Dada a ampla penetração da televisão no cotidiano dos cidadãos latino-americanos e do uso difundido desse meio como fonte de informação em geral e sobre C&T, não é exagero afirmar que a TV tem papel relevante na forma como esses cidadãos percebem a atividade científica e seus atores. Não se propõe aqui uma relação direta de causa e efeito, como o faziam teorias mais antigas da comunicação – como da “agulha hipodérmica” ou outras teorias próprias dos “efeitos diretos” –, mas se chama a atenção para a TV como uma mediação fundamental na maneira como representações da ciência e da tecnologia são construídas entre os cidadãos.

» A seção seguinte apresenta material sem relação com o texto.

(* Let $R$ be a von Neumann regular ring with $\omega(\Gamma'(R))<\infty$. Then $\Gamma'(R)$ is a perfect graph.
   Context: All rings are commutative with identity $1\neq 0$. $W^*(R)$ denotes the set of non-zero non-unit elements of $R$. The cozero-divisor graph $\Gamma'(R)$ is the simple graph with vertex set $W^*(R)$, in which distinct $a,b$ are adjacent iff $a\notin Rb$ and $b\notin Ra$. A ring $R$ is von Neumann regular if for every $r\in R$ there is $s\in R$ with $r=r^2s$. $\omega(G)$ is the clique number of a graph $G$ and $\chi(G)$ its chromatic number. A graph $G$ is perfect if every induced subgraph $H$ of $G$ satisfies $\omega(H)=\chi(H)$. *)

theory Defs
  imports Main "HOL-Library.Extended_Nat"
begin

definition von_neumann_regular :: "'a::comm_ring_1 itself \<Rightarrow> bool" where
  "von_neumann_regular _ \<longleftrightarrow> (\<forall>r::'a. \<exists>s. r = r^2 * s)"

definition W_star :: "'a::comm_ring_1 set" where
  "W_star = {a. a \<noteq> 0 \<and> \<not> a dvd 1}"

definition cozero_adj :: "'a::comm_ring_1 \<Rightarrow> 'a \<Rightarrow> bool" where
  "cozero_adj a b \<longleftrightarrow> a \<noteq> b \<and> a \<notin> {r * b | r. True} \<and> b \<notin> {r * a | r. True}"

definition is_clique :: "('v \<Rightarrow> 'v \<Rightarrow> bool) \<Rightarrow> 'v set \<Rightarrow> bool" where
  "is_clique E S \<longleftrightarrow> (\<forall>x\<in>S. \<forall>y\<in>S. x \<noteq> y \<longrightarrow> E x y)"

definition clique_number :: "'v set \<Rightarrow> ('v \<Rightarrow> 'v \<Rightarrow> bool) \<Rightarrow> enat" where
  "clique_number V E = Sup {enat (card S) | S. S \<subseteq> V \<and> finite S \<and> is_clique E S}"

definition proper_colouring :: "'v set \<Rightarrow> ('v \<Rightarrow> 'v \<Rightarrow> bool) \<Rightarrow> ('v \<Rightarrow> nat) \<Rightarrow> nat \<Rightarrow> bool" where
  "proper_colouring V E f k \<longleftrightarrow> (\<forall>x\<in>V. f x < k) \<and>
     (\<forall>x\<in>V. \<forall>y\<in>V. x \<noteq> y \<longrightarrow> E x y \<longrightarrow> f x \<noteq> f y)"

(* least number of colours; \<infinity> if no finite colouring exists *)
definition chromatic_number :: "'v set \<Rightarrow> ('v \<Rightarrow> 'v \<Rightarrow> bool) \<Rightarrow> enat" where
  "chromatic_number V E = Inf {enat k | k. \<exists>f. proper_colouring V E f k}"

definition perfect_graph :: "'v set \<Rightarrow> ('v \<Rightarrow> 'v \<Rightarrow> bool) \<Rightarrow> bool" where
  "perfect_graph V E \<longleftrightarrow> (\<forall>H \<subseteq> V. clique_number H E = chromatic_number H E)"

end

theory Submission
  imports Defs
begin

Por isso a importância de se estudar como a ciência é transmitida na televisão – sobretudo em programas com altos índices de audiência –, identificando, por exemplo, quais temas são destacados ou deixados à margem, que abordagens são privilegiadas, que narrativas são preponderantes, e quais atores sociais são convidados a opinar. Análises desse tipo podem oferecer indícios importantes para estudos qualitativos sobre as representações sociais a respeito da C&T, além de verificar se a demanda dos telespectadores por esse tipo de tema é atendida. Isso é particularmente relevante se levamos em conta o papel que têm os meios de comunicação de massa na coesão social e no empoderamento das culturas populares, em particular no âmbito latino-americano (ver, por exemplo, Yúdice, 2008).
Nos EUA e na Europa, há vários estudos que se dedicam a analisar como a mídia – sobretudo jornais impressos e TV – aborda temas de C&T (alguns exemplos são: Bucchi, Mazzolini, 2003; Hijmans, Plejter, Wester, 2003; Pellechia, 1997; Bauer, Ragnarsdóttir, Rúdólfsdóttir, 1993; Hansen, Dickinson, 1992). Alguns trabalhos abordam a questão de forma comparativa entre países (Lehmkuhl et al., 2012; Verhoeven, 2010; León, 2008; Göpfert, 1996). Na América Latina, no entanto, são menos frequentes os estudos que se debruçam sobre a ciência e tecnologia nos meios de comunicação (Arboleda, Hermelin, Pérez-Bustos, 2011; Medeiros, Ramalho, Massarani, 2010; Takahashi, Meisner, 2013; Polino, Fazio, Chiappe, 2006). Menos frequentes ainda são aqueles que tratam da questão pela perspectiva comparativa entre países, como Almeida et al. (2011), Massarani e Buys (2008) e Massarani et al. (2005).
Na Colômbia, alguns poucos estudos dão conta da baixa presença de temáticas científicas na mídia e evidenciam, ainda, alguns aspectos como a localização pouco prioritária dada a esses temas nas edições; a predominância da utilização de uma única fonte de informação, sobretudo as fontes do governo; a pouca contextualização quanto à relação da C&T com tópicos da vida nacional; a apresentação das informações em forma de resultados e a priorização de acontecimentos internacionais sobre os nacionais (Gómez-Giraldo et al., 2010; Rozo, 2006; Bonilla, Cadavid-Bringe, 2004). Tais resultados se assemelham aos encontrados em outros estudos sobre a cobertura de ciência na imprensa escrita de outros países da América Latina (Almeida et al., 2011; Parodi, Ferrari, 2007; Amorim, Massarani, 2008; Bustos Mora, 2004). Já no Brasil, estudos que se dedicaram à cobertura de C&T em telejornais do país verificaram a existência de um espaço mais relevante para esses temas na agenda informativa desses meios (Ramalho, Polino, Massarani, 2012; Alberguini, 2007; Andrade, 2004).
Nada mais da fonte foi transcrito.